Friedrich Wilhelm Eduard Gerhard

Lebensdaten

Nachname:
Gerhard
Vorname:
Friedrich Wilhelm Eduard
Geburtsdatum:
29.11.1795
Geburtsort:
Posen
Geschlecht:
männlich
Todesdatum:
12.05.1867
Sterbeort:
Berlin
Beruf(e):
  • Archäologe

Biographie

Lebenslauf:

Gerhard, Friedrich Wilhelm Eduard

(29. November 1795 Posen - 12. Mai 1867 Berlin)

Archäologe

-          begleitet den Kronprinzen Friedrich Wilhelm (IV.) auf einer Italienreise

-         1833 Archäologe am Königl. Museum in Berlin

-         1843 ao. Prof.; gründet die „Archäologische Zeitung“

-         1844 o. Prof. für Archäologie an der Universität Berlin

-         (auf Gerhards Initiative entstand 1829 das Instituto di Corrispondenza Archeologica in Rom, aus dem das Deutsche Archäologische Institut hervorging)
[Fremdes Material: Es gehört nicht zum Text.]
(* Let $\Sigma\subseteq\mathcal L$ be closed under subformulas and let $\mathcal W=(W,\le,\ell,R)$ be a $\Sigma$-labelled system. Then its quotient $\mathcal Q=(W/{\sim},\le_{\mathcal Q},\ell_{\mathcal Q},R^+_{\mathcal Q})$ is a $\Sigma$-labelled system.
   Context: $\mathcal L$: formulas over propositional variables with $\wedge,\vee,\Rightarrow,\Leftarrow$ (co-implication), $\mathsf X,\mathsf Y,\mathsf G,\mathsf H,\mathsf U,\mathsf S$. Let $\Sigma\subseteq\mathcal L$ be closed under subformulas. A $\Sigma$-type is $\Phi\subseteq\Sigma$ such that: for $\varphi\wedge\psi\in\Sigma$, $\varphi\wedge\psi\in\Phi$ iff $\varphi,\psi\in\Phi$; for $\varphi\vee\psi\in\Sigma$, $\varphi\vee\psi\in\Phi$ iff $\varphi\in\Phi$ or $\psi\in\Phi$; for $\varphi\Rightarrow\psi\in\Sigma$, ($\varphi\Rightarrow\psi\in\Phi$ implies $\varphi\notin\Phi$ or $\psi\in\Phi$) and ($\psi\in\Phi$ implies $\varphi\Rightarrow\psi\in\Phi$); for $\varphi\Leftarrow\psi\in\Sigma$, ($\varphi\Leftarrow\psi\in\Phi$ implies $\varphi\in\Phi$) and ($\varphi\in\Phi,\psi\notin\Phi$ implies $\varphi\Leftarrow\psi\in\Phi$). A poset is locally linear if it is a disjoint union of linear posets; write $a\lessgtr b$ if $a\le b$ or $b\le a$. A $\Sigma$-labelled space is $(W,\le,\ell)$ with $(W,\le)$ locally linear, $\ell\colon W\to$ $\Sigma$-types, $w\le v\Rightarrow\ell(w)\supseteq\ell(v)$, such that whenever $\varphi\Rightarrow\psi\in\Sigma\setminus\ell(w)$ there is $v\le w$ with $\varphi\in\ell(v)$, $\psi\notin\ell(v)$, and whenever $\varphi\Leftarrow\psi\in\ell(w)$ there is $v\ge w$ with $\varphi\in\ell(v)$, $\psi\notin\ell(v)$. A relation $R\subseteq W\times W$ is convex if every image set and every preimage set of a point is convex in $\le$; fully confluent if (forth–down) $x\le x'Ry'$ implies $xRy\le y'$ for some $y$; (forth–up) $x'\ge xRy$ implies $x'Ry'\ge y$ for some $y'$; (back–down) $x'Ry'\ge y$ implies $x'\ge xRy$ for some $x$; (back–up) $xRy\le y'$ implies $x\le x'Ry'$ for some $x'$; bi-serial if every point has an $R$-successor and an $R$-predecessor. A pair $(\Phi,\Psi)$ of $\Sigma$-types is sensible if for formulas in $\Sigma$: $\mathsf X\varphi\in\Phi\iff\varphi\in\Psi$; $\mathsf Y\varphi\in\Psi\iff\varphi\in\Phi$; $\mathsf G\varphi\in\Phi\iff(\varphi\in\Phi\wedge\mathsf G\varphi\in\Psi)$; $\mathsf H\varphi\in\Psi\iff(\varphi\in\Psi\wedge\mathsf H\varphi\in\Phi)$; $\varphi\,\mathsf U\,\psi\in\Phi\iff(\psi\in\Phi$ or ($\varphi\in\Phi$ and $\varphi\,\mathsf U\,\psi\in\Psi$)); $\varphi\,\mathsf S\,\psi\in\Psi\iff(\psi\in\Psi$ or ($\varphi\in\Psi$ and $\varphi\,\mathsf S\,\psi\in\Phi$)). $R$ is sensible if $wRv$ implies $(\ell(w),\ell(v))$ sensible. A $\Sigma$-labelled system is a $\Sigma$-labelled space with a bi-serial, fully confluent, convex, sensible relation. Quotient: for $w\in W$ let $L(w)=\{\ell(v): v\lessgtr w\}$; $w\sim v$ iff $\ell(w)=\ell(v)$ and $L(w)=L(v)$. On $W/{\sim}$: $[w]\le_{\mathcal Q}[v]$ iff $L(w)=L(v)$ and $\ell(w)\supseteq\ell(v)$; $\ell_{\mathcal Q}([w])=\ell(w)$; $R_{\mathcal Q}$ is the smallest relation with $wRv\Rightarrow[w]R_{\mathcal Q}[v]$; $X R^+_{\mathcal Q} Y$ iff there are $X_1\le_{\mathcal Q}X\le_{\mathcal Q}X_2$ and $Y_1\le_{\mathcal Q}Y\le_{\mathcal Q}Y_2$ with $X_2R_{\mathcal Q}Y_1$ and $X_1R_{\mathcal Q}Y_2$. *)

theory Defs
  imports Main "HOL-Library.Disjoint_Sets"
begin

datatype 'a fml =
    Var 'a
  | And "'a fml" "'a fml"
  | Or "'a fml" "'a fml"
  | Imp "'a fml" "'a fml"
  | Coimp "'a fml" "'a fml"   (* Coimp a b  represents  a \<Leftarrow> b *)
  | Nxt "'a fml"
  | Prv "'a fml"
  | Glob "'a fml"
  | Hist "'a fml"
  | Until "'a fml" "'a fml"
  | Since "'a fml" "'a fml"

fun subfmls :: "'a fml \<Rightarrow> 'a fml set" where
  "subfmls (Var p) = {Var p}"
| "subfmls (And a b) = insert (And a b) (subfmls a \<union> subfmls b)"
| "subfmls (Or a b) = insert (Or a b) (subfmls a \<union> subfmls b)"
| "subfmls (Imp a b) = insert (Imp a b) (subfmls a \<union> subfmls b)"
| "subfmls (Coimp a b) = insert (Coimp a b) (subfmls a \<union> subfmls b)"
| "subfmls (Nxt a) = insert (Nxt a) (subfmls a)"
| "subfmls (Prv a) = insert (Prv a) (subfmls a)"
| "subfmls (Glob a) = insert (Glob a) (subfmls a)"
| "subfmls (Hist a) = insert (Hist a) (subfmls a)"
| "subfmls (Until a b) = insert (Until a b) (subfmls a \<union> subfmls b)"
| "subfmls (Since a b) = insert (Since a b) (subfmls a \<union> subfmls b)"

definition subfml_closed :: "'a fml set \<Rightarrow> bool" where
  "subfml_closed \<Sigma> \<longleftrightarrow> (\<forall>\<phi>\<in>\<Sigma>. subfmls \<phi> \<subseteq> \<Sigma>)"

definition is_type :: "'a fml set \<Rightarrow> 'a fml set \<Rightarrow> bool" where
  "is_type \<Sigma> \<Phi> \<longleftrightarrow> \<Phi> \<subseteq> \<Sigma> \<and>
    (\<forall>a b. And a b \<in> \<Sigma> \<longrightarrow> (And a b \<in> \<Phi> \<longleftrightarrow> a \<in> \<Phi> \<and> b \<in> \<Phi>)) \<and>
    (\<forall>a b. Or a b \<in> \<Sigma> \<longrightarrow> (Or a b \<in> \<Phi> \<longleftrightarrow> a \<in> \<Phi> \<or> b \<in> \<Phi>)) \<and>
    (\<forall>a b. Imp a b \<in> \<Sigma> \<longrightarrow>
        (Imp a b \<in> \<Phi> \<longrightarrow> a \<notin> \<Phi> \<or> b \<in> \<Phi>) \<and> (b \<in> \<Phi> \<longrightarrow> Imp a b \<in> \<Phi>)) \<and>
    (\<forall>a b. Coimp a b \<in> \<Sigma> \<longrightarrow>
        (Coimp a b \<in> \<Phi> \<longrightarrow> a \<in> \<Phi>) \<and> (a \<in> \<Phi> \<and> b \<notin> \<Phi> \<longrightarrow> Coimp a b \<in> \<Phi>))"

definition poset_on :: "'w set \<Rightarrow> ('w \<Rightarrow> 'w \<Rightarrow> bool) \<Rightarrow> bool" where
  "poset_on W le \<longleftrightarrow> (\<forall>x\<in>W. le x x) \<and>
     (\<forall>x\<in>W. \<forall>y\<in>W. le x y \<and> le y x \<longrightarrow> x = y) \<and>
     (\<forall>x\<in>W. \<forall>y\<in>W. \<forall>z\<in>W. le x y \<and> le y z \<longrightarrow> le x z)"

definition comparable :: "('w \<Rightarrow> 'w \<Rightarrow> bool) \<Rightarrow> 'w \<Rightarrow> 'w \<Rightarrow> bool" where
  "comparable le a b \<longleftrightarrow> le a b \<or> le b a"

definition locally_linear :: "'w set \<Rightarrow> ('w \<Rightarrow> 'w \<Rightarrow> bool) \<Rightarrow> bool" where
  "locally_linear W le \<longleftrightarrow> poset_on W le \<and>
     (\<exists>P. partition_on W P \<and>
        (\<forall>C\<in>P. \<forall>a\<in>C. \<forall>b\<in>C. comparable le a b) \<and>
        (\<forall>C\<in>P. \<forall>D\<in>P. C \<noteq> D \<longrightarrow> (\<forall>a\<in>C. \<forall>b\<in>D. \<not> comparable le a b)))"

definition labelled_space ::
  "'a fml set \<Rightarrow> 'w set \<Rightarrow> ('w \<Rightarrow> 'w \<Rightarrow> bool) \<Rightarrow> ('w \<Rightarrow> 'a fml set) \<Rightarrow> bool" where
  "labelled_space \<Sigma> W le lab \<longleftrightarrow> locally_linear W le \<and>
     (\<forall>w\<in>W. is_type \<Sigma> (lab w)) \<and>
     (\<forall>w\<in>W. \<forall>v\<in>W. le w v \<longrightarrow> lab v \<subseteq> lab w) \<and>
     (\<forall>w\<in>W. \<forall>a b. Imp a b \<in> \<Sigma> - lab w \<longrightarrow>
        (\<exists>v\<in>W. le v w \<and> a \<in> lab v \<and> b \<notin> lab v)) \<and>
     (\<forall>w\<in>W. \<forall>a b. Coimp a b \<in> lab w \<longrightarrow>
        (\<exists>v\<in>W. le w v \<and> a \<in> lab v \<and> b \<notin> lab v))"

definition convex_set :: "'w set \<Rightarrow> ('w \<Rightarrow> 'w \<Rightarrow> bool) \<Rightarrow> 'w set \<Rightarrow> bool" where
  "convex_set W le A \<longleftrightarrow> (\<forall>a\<in>A. \<forall>b\<in>A. \<forall>c\<in>W. le a c \<and> le c b \<longrightarrow> c \<in> A)"

definition convex_rel :: "'w set \<Rightarrow> ('w \<Rightarrow> 'w \<Rightarrow> bool) \<Rightarrow> ('w \<Rightarrow> 'w \<Rightarrow> bool) \<Rightarrow> bool" where
  "convex_rel W le R \<longleftrightarrow>
     (\<forall>x\<in>W. convex_set W le {y\<in>W. R x y} \<and> convex_set W le {y\<in>W. R y x})"

definition fully_confluent :: "'w set \<Rightarrow> ('w \<Rightarrow> 'w \<Rightarrow> bool) \<Rightarrow> ('w \<Rightarrow> 'w \<Rightarrow> bool) \<Rightarrow> bool" where
  "fully_confluent W le R \<longleftrightarrow>
     (\<forall>x\<in>W. \<forall>x'\<in>W. \<forall>y'\<in>W. le x x' \<and> R x' y' \<longrightarrow> (\<exists>y\<in>W. R x y \<and> le y y')) \<and>
     (\<forall>x\<in>W. \<forall>x'\<in>W. \<forall>y\<in>W. le x x' \<and> R x y \<longrightarrow> (\<exists>y'\<in>W. R x' y' \<and> le y y')) \<and>
     (\<forall>x'\<in>W. \<forall>y'\<in>W. \<forall>y\<in>W. R x' y' \<and> le y y' \<longrightarrow> (\<exists>x\<in>W. le x x' \<and> R x y)) \<and>
     (\<forall>x\<in>W. \<forall>y\<in>W. \<forall>y'\<in>W. R x y \<and> le y y' \<longrightarrow> (\<exists>x'\<in>W. le x x' \<and> R x' y'))"

definition bi_serial :: "'w set \<Rightarrow> ('w \<Rightarrow> 'w \<Rightarrow> bool) \<Rightarrow> bool" where
  "bi_serial W R \<longleftrightarrow> (\<forall>x\<in>W. (\<exists>y\<in>W. R x y) \<and> (\<exists>y\<in>W. R y x))"

definition sensible_pair :: "'a fml set \<Rightarrow> 'a fml set \<Rightarrow> 'a fml set \<Rightarrow> bool" where
  "sensible_pair \<Sigma> \<Phi> \<Psi> \<longleftrightarrow>
     (\<forall>a. Nxt a \<in> \<Sigma> \<longrightarrow> (Nxt a \<in> \<Phi> \<longleftrightarrow> a \<in> \<Psi>)) \<and>
     (\<forall>a. Prv a \<in> \<Sigma> \<longrightarrow> (Prv a \<in> \<Psi> \<longleftrightarrow> a \<in> \<Phi>)) \<and>
     (\<forall>a. Glob a \<in> \<Sigma> \<longrightarrow> (Glob a \<in> \<Phi> \<longleftrightarrow> a \<in> \<Phi> \<and> Glob a \<in> \<Psi>)) \<and>
     (\<forall>a. Hist a \<in> \<Sigma> \<longrightarrow> (Hist a \<in> \<Psi> \<longleftrightarrow> a \<in> \<Psi> \<and> Hist a \<in> \<Phi>)) \<and>
     (\<forall>a b. Until a b \<in> \<Sigma> \<longrightarrow>
        (Until a b \<in> \<Phi> \<longleftrightarrow> b \<in> \<Phi> \<or> (a \<in> \<Phi> \<and> Until a b \<in> \<Psi>))) \<and>
     (\<forall>a b. Since a b \<in> \<Sigma> \<longrightarrow>
        (Since a b \<in> \<Psi> \<longleftrightarrow> b \<in> \<Psi> \<or> (a \<in> \<Psi> \<and> Since a b \<in> \<Phi>)))"

definition labelled_system ::
  "'a fml set \<Rightarrow> 'w set \<Rightarrow> ('w \<Rightarrow> 'w \<Rightarrow> bool) \<Rightarrow> ('w \<Rightarrow> 'a fml set)
     \<Rightarrow> ('w \<Rightarrow> 'w \<Rightarrow> bool) \<Rightarrow> bool" where
  "labelled_system \<Sigma> W le lab R \<longleftrightarrow> labelled_space \<Sigma> W le lab \<and>
     (\<forall>x y. R x y \<longrightarrow> x \<in> W \<and> y \<in> W) \<and>
     bi_serial W R \<and> fully_confluent W le R \<and> convex_rel W le R \<and>
     (\<forall>w\<in>W. \<forall>v\<in>W. R w v \<longrightarrow> sensible_pair \<Sigma> (lab w) (lab v))"

definition Lset :: "'w set \<Rightarrow> ('w \<Rightarrow> 'w \<Rightarrow> bool) \<Rightarrow> ('w \<Rightarrow> 'a fml set) \<Rightarrow> 'w \<Rightarrow> 'a fml set set" where
  "Lset W le lab w = {lab v | v. v \<in> W \<and> comparable le v w}"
Kurzbiographie aus der Mitgliederliste der Akademie der Wissenschaften:
1833 Archäologe und Abteilungsdirektor am Königl. Museum in Berlin. 1844 Professor für Archäologie an der Universität in Berlin. (Auf G.'s Initative entstand das Institut de Corrispondenza Archeologica, aus dem 1829 das Deutsche Archäologische Institut in Rom hervorging. G. gründete 1843 die "Archäologische Zeitung". Er genoß die besondere Förderung des Kronprinzen von Preußen, des späteren Königs FRIEDRICH WILHELM IV., den er u. a. 1828 auf einer Italien-Reise begleitete und als Führer durch die antiken Denkmäler diente. G. hinterließ der Akademie eine Stiftung von 71.000 RM, "Eduard Gerhard'sches archaeologisches Stipendium" (1893). Die Zinsen der Stiftung waren für Reisestipendien von Archäologen bestimmt.)

Aus dem "Akademie-Kalender":

Eduard Gerhard 29.11.1795 - 12.5.1867

Eduard Gerhard, am 29.11.1795 in Posen geboren, hat sich als Ahnherr des "Deutschen Archäologischen Instituts", als Archäologe am Berliner Museum, als Professor an der Friedrich-Wilhelms-Universität zu Berlin und als Mitglied der Preußischen Akademie der Wissenschaften so vielfältige und bleibende Verdienste um die Archäologie (und nicht nur um diese) erworben, daß Ulrich von Wilamowitz-Moellendorf ihn als "den ersten zünftigen Archäologen Deutschlands" bezeichnet hat.

Dabei hatte alles anders begonnen. Nach dem Besuch des Elisabethanums in Breslau studierte Gerhard zunächst in Breslau, dann in Berlin Klassische Philologie. Seine Lehrer waren keine geringeren als Immanuel Bekker, Friedrich August Wolf und vor allem August Böckh, von dem er bereits 1815 mit einer Arbeit über den hellenistischen Epiker Apollonios Rhodios als erster ordentlicher Doktor der noch jungen Berliner Universität promoviert wurde.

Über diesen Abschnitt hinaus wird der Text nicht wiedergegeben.